====== SUPPLIED RECORDS ======

theorem theorem2:
  fixes M :: "'a measure" and D :: "real measure"
    and \<gamma> :: "nat \<Rightarrow> nat \<Rightarrow> nat \<Rightarrow> 'a \<Rightarrow> real"
    and N0 \<beta> :: real
  assumes "prob_space M"
    and "\<And>n i j. i < n \<Longrightarrow> j < n \<Longrightarrow> \<gamma> n i j \<in> borel_measurable M"
    and "\<And>n. prob_space.indep_vars M (\<lambda>_. borel) (\<lambda>(i, j). \<gamma> n i j) ({..<n} \<times> {..<n})"
    and "\<And>n i j. i < n \<Longrightarrow> j < n \<Longrightarrow> distr M borel (\<gamma> n i j) = D"
    and "AE x in D. 0 \<le> x"
    and "integrable D (\<lambda>x. x)" and "(\<integral>x. x \<partial>D) > 0"
    and "\<exists>s>0. integrable D (\<lambda>x. exp (s * x))"
    and "N0 \<ge> 0" and "\<beta> > 0"
  shows "\<exists>C>0. (\<lambda>n. measure M {\<omega> \<in> space M. \<forall>S \<subseteq> {..<n}.
            real (throughput N0 \<beta> (\<lambda>k i. \<gamma> n k i \<omega>) S) \<le> C * ln (real n)}) \<longlonglongrightarrow> 1"
proof -
  interpret prob_space M by (rule assms(1))
  obtain s where s: "s > 0" and int_signal: "integrable D (\<lambda>x. exp (s * x))"
    using assms(8) by blast
  have D: "D = distr M borel (\<gamma> 1 0 0)" using assms(4)[of 0 1 0] by simp
  interpret D: prob_space D unfolding D using assms(2) by (simp add: prob_space_distr)
  have "(\<lambda>x. x) \<in> borel_measurable D" "s * \<beta> > 0" using s assms(10) by (simp_all add: D)
  note interference = D.expectation_exp_neg_lt_1[OF this(1) assms(5,7) this(2)]
  show ?thesis
    using throughputs_le_log_tendsto_1[OF assms(3,4,5,9,10) less_imp_le[OF s] int_signal interference]
    by simp
qed

end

======

EXERCISE GOAL — Tell how many lines of the data above include the string "have", with no other text in the answer.

RESPONSE AREA — 2